Common Contamination and Morphological Issues
When observed under a phase-contrast microscope, healthy, non-activated RAW 264.7 cells appear round or oval and are phase-bright. They are adherent, but they can sometimes appear semi-adherent, with some cells floating in the medium, especially when ready for subculture. The appearance of elongated or spindle-shaped cells can indicate a polarized or activated state, which may be a response to stimuli in the medium or a sign of differentiation.
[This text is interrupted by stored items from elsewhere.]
text \<open>On each \<open>H\<^sub>k\<close> the difference \<open>d\<close> of two such families is a linear functional.
  By (iii), and by (i) and (iv) together with induction on \<open>k\<close>, it vanishes on every word
  in which the top generator \<open>\<theta>\<^sub>k\<^sub>-\<^sub>1\<close> occurs at most once. A linear functional on \<open>H\<^sub>k\<close> with this property vanishes identically: for a
  word \<open>p \<theta>\<^sub>k\<^sub>-\<^sub>1 x \<theta>\<^sub>k\<^sub>-\<^sub>1 s\<close> with \<open>x \<in> H\<^sub>k\<^sub>-\<^sub>1\<close>, the map \<open>x \<mapsto> d(p \<theta>\<^sub>k\<^sub>-\<^sub>1 x \<theta>\<^sub>k\<^sub>-\<^sub>1 s)\<close> is a
  linear functional on \<open>H\<^sub>k\<^sub>-\<^sub>1\<close>, and on words \<open>x\<close> in which \<open>\<theta>\<^sub>k\<^sub>-\<^sub>2\<close> occurs at most once the
  relations \<open>\<theta>\<^sup>2 = [2]\<theta>\<close> and \<open>\<theta>\<^sub>k\<^sub>-\<^sub>1\<theta>\<^sub>k\<^sub>-\<^sub>2\<theta>\<^sub>k\<^sub>-\<^sub>1 = \<theta>\<^sub>k\<^sub>-\<^sub>2\<theta>\<^sub>k\<^sub>-\<^sub>1\<theta>\<^sub>k\<^sub>-\<^sub>2 + \<theta>\<^sub>k\<^sub>-\<^sub>1 - \<theta>\<^sub>k\<^sub>-\<^sub>2\<close>
  lower the number of occurrences of \<open>\<theta>\<^sub>k\<^sub>-\<^sub>1\<close>. Induction on that number and on \<open>k\<close> concludes.\<close>

lemma word_in_simps [simp]:
  "word_in k []"
  "word_in k (x # w) \<longleftrightarrow> 1 \<le> x \<and> x < k \<and> word_in k w"
  "word_in k (u @ w) \<longleftrightarrow> word_in k u \<and> word_in k w"
  by (auto simp: word_in_def)

lemma word_in_mono: "word_in k w \<Longrightarrow> k \<le> n \<Longrightarrow> word_in n w"
  by (auto simp: word_in_def)

lemma word_in_Suc_not_top: "word_in (Suc k) w \<Longrightarrow> k \<notin> set w \<Longrightarrow> word_in k w"
  by (auto simp: word_in_def less_Suc_eq)

lemma count_list_eq_0_if_word_in: "word_in k w \<Longrightarrow> k \<le> j \<Longrightarrow> count_list w j = 0"
  by (auto simp: word_in_def count_list_0_iff)

lemma split_list_count_le_1:
  assumes "x \<in> set xs" and "count_list xs x \<le> 1"
  obtains u v where "xs = u @ x # v" "x \<notin> set u" "x \<notin> set v"
proof -
  obtain u v where xs: "xs = u @ x # v" "x \<notin> set u"
    using assms(1) by (meson split_list_first)
  with assms(2) have "count_list v x = 0"
    by (simp add: count_list_0_iff)
  with xs show thesis
    using that by (simp add: count_list_0_iff)
qed

lemma split_list_count_ge_2:
  assumes "2 \<le> count_list xs x"
  obtains p q s where "xs = p @ x # q @ x # s" "x \<notin> set q"
proof -
  have "x \<in> set xs"
    by (metis assms count_list_0_iff not_numeral_le_zero)
  then obtain p r where xs: "xs = p @ x # r" "x \<notin> set p"
    by (meson split_list_first)
  with assms have "x \<in> set r"
    using count_list_0_iff[of r x] by auto
  then obtain q s where "r = q @ x # s" "x \<notin> set q"
    by (meson split_list_first)
  with xs show thesis
    using that by simp
qed

lemma hecke_functional_quadratic:
  "hecke_functional k f \<Longrightarrow> word_in k u \<Longrightarrow> word_in k v \<Longrightarrow> 1 \<le> i \<Longrightarrow> i < k \<Longrightarrow>
    f (u @ [i, i] @ v) = qtwo * f (u @ [i] @ v)"
  unfolding hecke_functional_def by blast

lemma hecke_functional_commute:
  "hecke_functional k f \<Longrightarrow> word_in k u \<Longrightarrow> word_in k v \<Longrightarrow> 1 \<le> i \<Longrightarrow> i < k \<Longrightarrow>
    1 \<le> j \<Longrightarrow> j < k \<Longrightarrow> i + 2 \<le> j \<or> j + 2 \<le> i \<Longrightarrow>
    f (u @ [i, j] @ v) = f (u @ [j, i] @ v)"
  unfolding hecke_functional_def by blast

lemma hecke_functional_braid:
  "hecke_functional k f \<Longrightarrow> word_in k u \<Longrightarrow> word_in k v \<Longrightarrow> 1 \<le> i \<Longrightarrow> i + 1 < k \<Longrightarrow>
    f (u @ [i, i + 1, i] @ v) + f (u @ [i + 1] @ v) =
    f (u @ [i + 1, i, i + 1] @ v) + f (u @ [i] @ v)"
  unfolding hecke_functional_def by blast

lemma hecke_functional_diff:
  assumes f: "hecke_functional k f" and g: "hecke_functional k g"
  shows "hecke_functional k (\<lambda>w. f w - g w)"
  unfolding hecke_functional_def
proof (intro conjI allI impI; elim conjE)
  fix u v i assume prems: "word_in k u" "word_in k v" "1 \<le> i" "i < k"
  show "f (u @ [i, i] @ v) - g (u @ [i, i] @ v) = qtwo * (f (u @ [i] @ v) - g (u @ [i] @ v))"
    using hecke_functional_quadratic[OF f prems] hecke_functional_quadratic[OF g prems]
    by (simp add: right_diff_distrib)
next
  fix u v i j assume prems: "word_in k u" "word_in k v" "1 \<le> i" "i < k" "1 \<le> j" "j < k"
    "i + 2 \<le> j \<or> j + 2 \<le> i"
  show "f (u @ [i, j] @ v) - g (u @ [i, j] @ v) = f (u @ [j, i] @ v) - g (u @ [j, i] @ v)"
    using hecke_functional_commute[OF f prems] hecke_functional_commute[OF g prems] by simp
next
  fix u v i assume prems: "word_in k u" "word_in k v" "1 \<le> i" "i + 1 < k"
  show "f (u @ [i, i + 1, i] @ v) - g (u @ [i, i + 1, i] @ v) +
      (f (u @ [i + 1] @ v) - g (u @ [i + 1] @ v)) =
    f (u @ [i + 1, i, i + 1] @ v) - g (u @ [i + 1, i, i + 1] @ v) +
      (f (u @ [i] @ v) - g (u @ [i] @ v))"
    by (simp only: add_diff_add[symmetric] hecke_functional_braid[OF f prems]
        hecke_functional_braid[OF g prems])
qed

lemma hecke_functional_sandwich:
  assumes f: "hecke_functional n f" and "k \<le> n" and l: "word_in n l" and r: "word_in n r"
  shows "hecke_functional k (\<lambda>x. f (l @ x @ r))"
proof -
  have context_in: "word_in n (l @ u)" "word_in n (v @ r)"
    if "word_in k u" "word_in k v" for u v
    using that l r \<open>k \<le> n\<close> word_in_mono by auto
  show ?thesis
    unfolding hecke_functional_def
  proof (intro conjI allI impI; elim conjE)
    fix u v i assume "word_in k u" "word_in k v" "1 \<le> i" "i < k"
    then show "f (l @ (u @ [i, i] @ v) @ r) = qtwo * f (l @ (u @ [i] @ v) @ r)"
      using hecke_functional_quadratic[OF f context_in] \<open>k \<le> n\<close> by simp
  next
    fix u v i j assume "word_in k u" "word_in k v" "1 \<le> i" "i < k" "1 \<le> j" "j < k"
      "i + 2 \<le> j \<or> j + 2 \<le> i"
    then show "f (l @ (u @ [i, j] @ v) @ r) = f (l @ (u @ [j, i] @ v) @ r)"
      using hecke_functional_commute[OF f context_in, where i=i and j=j] \<open>k \<le> n\<close> by simp
  next
    fix u v i assume "word_in k u" "word_in k v" "1 \<le> i" "i + 1 < k"
    then show "f (l @ (u @ [i, i + 1, i] @ v) @ r) + f (l @ (u @ [i + 1] @ v) @ r) =
        f (l @ (u @ [i + 1, i, i + 1] @ v) @ r) + f (l @ (u @ [i] @ v) @ r)"
      using hecke_functional_braid[OF f context_in, where i=i] \<open>k \<le> n\<close> by simp
  qed
qed

lemma hecke_functional_commute_past:
  assumes f: "hecke_functional n f" and "word_in n l" "word_in n r" "word_in m a" "Suc m < n"
  shows "f (l @ Suc m # a @ r) = f (l @ a @ Suc m # r)"
  using assms(2-5)
proof (induction a arbitrary: l)
  case (Cons b a)
  then have "f (l @ [Suc m, b] @ a @ r) = f (l @ [b, Suc m] @ a @ r)"
    using word_in_mono[of m a n] by (intro hecke_functional_commute[OF f]) auto
  also have "\<dots> = f ((l @ [b]) @ a @ Suc m # r)"
    using Cons.IH[of "l @ [b]"] Cons.prems by simp
  finally show ?case
    by simp
qed simp

lemma hecke_functional_top_twice_no_neighbour:
  assumes f: "hecke_functional n f" and l: "word_in n l" and r: "word_in n r"
    and x: "word_in m x" and m: "Suc m < n"
  shows "f (l @ Suc m # x @ Suc m # r) = qtwo * f (l @ x @ Suc m # r)"
proof -
  have mr: "word_in n (Suc m # r)" and lx: "word_in n (l @ x)"
    using l r x m word_in_mono[OF x, of n] by auto
  have "f (l @ Suc m # x @ Suc m # r) = f ((l @ x) @ [Suc m, Suc m] @ r)"
    using hecke_functional_commute_past[OF f l mr x m] by simp
  also have "\<dots> = qtwo * f (l @ x @ Suc m # r)"
    using hecke_functional_quadratic[OF f lx r, of "Suc m"] m by simp
  finally show ?thesis .
qed

lemma hecke_functional_top_twice_one_neighbour:
  assumes f: "hecke_functional n f" and l: "word_in n l" and r: "word_in n r"
    and b: "word_in m b" and c: "word_in m c" and m: "1 \<le> m" "Suc m < n"
  shows "f (l @ Suc m # b @ m # c @ Suc m # r) =
    f (l @ b @ [m, Suc m, m] @ c @ r) + f (l @ b @ Suc m # c @ r) - f (l @ b @ m # c @ r)"
proof -
  have bn: "word_in n b" and cn: "word_in n c"
    using word_in_mono[OF b, of n] word_in_mono[OF c, of n] m by auto
  have mcmr: "word_in n (m # c @ Suc m # r)" and lbmm: "word_in n (l @ b @ [Suc m, m])"
    and lb: "word_in n (l @ b)" and cr: "word_in n (c @ r)"
    using l r bn cn m by auto
  have braid: "f (l @ b @ [m, Suc m, m] @ c @ r) + f (l @ b @ Suc m # c @ r) =
      f (l @ b @ [Suc m, m, Suc m] @ c @ r) + f (l @ b @ m # c @ r)"
    using hecke_functional_braid[OF f lb cr m(1)] m(2) by simp
  have "f (l @ Suc m # b @ m # c @ Suc m # r) = f (l @ b @ Suc m # m # c @ Suc m # r)"
    using hecke_functional_commute_past[OF f l mcmr b m(2)] by simp
  also have "\<dots> = f ((l @ b) @ [Suc m, m, Suc m] @ c @ r)"
    using hecke_functional_commute_past[OF f lbmm r c m(2)] by simp
  also have "\<dots> = f (l @ b @ [m, Suc m, m] @ c @ r) + f (l @ b @ Suc m # c @ r)
      - f (l @ b @ m # c @ r)"
    using braid by (simp add: eq_diff_eq)
  finally show ?thesis .
qed

lemma hecke_functional_sandwich_eq_0:
  assumes f: "hecke_functional (Suc (Suc k)) f"
    and p: "word_in (Suc (Suc k)) p" and s: "word_in (Suc (Suc k)) s"
    and fewer: "\<And>w. word_in (Suc (Suc k)) w \<Longrightarrow>
      count_list w (Suc k) < count_list p (Suc k) + count_list s (Suc k) + 2 \<Longrightarrow> f w = 0"
    and a: "word_in (Suc k) a" and once: "count_list a k \<le> 1"
  shows "f (p @ Suc k # a @ Suc k # s) = 0"
proof (cases "k \<in> set a")
  case False
  then have ak: "word_in k a"
    using a word_in_Suc_not_top by blast
  have "f (p @ a @ Suc k # s) = 0"
    using fewer p s word_in_mono[OF ak] count_list_eq_0_if_word_in[OF ak] by simp
  then show ?thesis
    using hecke_functional_top_twice_no_neighbour[OF f p s ak] by simp
next
  case True
  then obtain b c where abc: "a = b @ k # c" "k \<notin> set b" "k \<notin> set c"
    using once by (elim split_list_count_le_1)
  then have b: "word_in k b" and c: "word_in k c" and "1 \<le> k"
    using a word_in_Suc_not_top by auto
  have "f w = 0" if "w \<in> {p @ b @ [k, Suc k, k] @ c @ s, p @ b @ Suc k # c @ s, p @ b @ k # c @ s}"
    for w
    using that fewer p s word_in_mono[OF b] word_in_mono[OF c] \<open>1 \<le> k\<close>
      count_list_eq_0_if_word_in[OF b] count_list_eq_0_if_word_in[OF c]
    by auto
  then show ?thesis
    using hecke_functional_top_twice_one_neighbour[OF f p s b c \<open>1 \<le> k\<close>] abc by simp
qed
Contamination is a frequent challenge in cell culture, and visual inspection is the first line of defense. Bacterial contamination often presents as small, rapidly moving particles between the cells, which can make the medium appear turbid or cloudy. Fungal contamination is recognizable by filamentous structures or budding yeast, which are larger than bacteria and often grow in distinct clusters. Mycoplasma contamination is not visible by standard light microscopy and requires specific DNA-staining or PCR-based assays for detection. If contamination is suspected, the affected culture should be immediately discarded, and the incubator and hood should be thoroughly disinfected to prevent spread.